## THE PROBLEM
Tally the lines below that contain the word "blast", then give the tally alone.

Records drawn from a dataset:
lemma F_locally_quasiconformal:
  assumes z0: "r1 < cmod z0" "cmod z0 < r2" and off_critical: "cmod z0 \<noteq> rc"
  shows "\<exists>V. open V \<and> z0 \<in> V \<and> V \<subseteq> {z. r1 < cmod z \<and> cmod z < r2} \<and> quasiconformal_on F V"
proof -
  let ?U = "{z. r1 < cmod z \<and> cmod z < r2} \<inter> {z. cmod z \<noteq> rc}"
  have U: "open ?U" by (intro open_Int open_annulus open_Collect_neq continuous_intros)
  have "0 \<notin> ?U" using r1 by auto
  moreover have "continuous_on {0<..} f" if "f \<in> {P, Q, dP, dQ}" for f
    using that unfolding P_def Q_def dP_def dQ_def by (auto intro!: continuous_intros)
  ultimately have cont: "continuous_on ?U (radial_map_dz P Q dP dQ m l)"
    "continuous_on ?U (radial_map_dzbar P Q dP dQ m l)"
    by (simp_all add: continuous_on_radial_map_derivatives)
  have deriv: "(F has_derivative (\<lambda>h. radial_map_dz P Q dP dQ m l w * h +
      radial_map_dzbar P Q dP dQ m l w * cnj h)) (at w)" if "w \<in> ?U" for w
    using that r1 by (intro F_has_derivative) auto
  have "z0 \<noteq> 0" and \<rho>: "0 < cmod z0" and bounds: "r1 \<le> cmod z0" "cmod z0 \<le> r2"
    using z0 r1 by auto
  then have "cmod (radial_map_dzbar P Q dP dQ m l z0) < cmod (radial_map_dz P Q dP dQ m l z0)"
    by (intro radial_map_dzbar_less_dz[where P = P and Q = Q and P' = dP and Q' = dQ]
        P_nonneg[OF bounds] Q_nonneg[OF bounds] dP_nonneg[OF \<rho>] dQ_nonpos[OF \<rho>]
        jacobian_pos[OF \<rho> off_critical])
  moreover have "z0 \<in> ?U" using z0 off_critical by auto
  ultimately obtain V where "open V" "z0 \<in> V" "V \<subseteq> ?U" "quasiconformal_on F V"
    using exists_quasiconformal_nbhd[OF U _ deriv cont] by blast
  then show ?thesis by (intro exI[of _ V]) auto
qed

lemma F_quasiregular: "quasiregular_on F {z. r1 < cmod z \<and> cmod z < r2}"
proof (rule quasiregular_onI)
  let ?U = "{z. r1 < cmod z \<and> cmod z < r2}"
  show "open ?U" by (rule open_annulus)
  show "continuous_on ?U F" using r1 by (intro continuous_on_F) auto
  fix z0 assume z0: "z0 \<in> ?U"
  show "\<exists>V. open V \<and> z0 \<in> V \<and> V \<subseteq> ?U \<and> (quasiconformal_on F V \<or> F holomorphic_on V)"
  proof (cases "cmod z0 = rc")
    case True
    let ?V = "{z. ra < cmod z \<and> cmod z < rb}"
    have "(\<lambda>w. of_real alp * w ^ m + of_real bet / w ^ l) holomorphic_on ?V"
      using radii_order by (intro holomorphic_intros) auto
    then have "F holomorphic_on ?V"
      by (rule holomorphic_transform) (simp add: F_band)
    moreover have "z0 \<in> ?V" "?V \<subseteq> ?U" using True radii_order by auto
    ultimately show ?thesis using open_annulus by blast
  next
    case False
    then show ?thesis using F_locally_quasiconformal z0 by blast
  qed
qed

## RESULT OF THIS TASK
3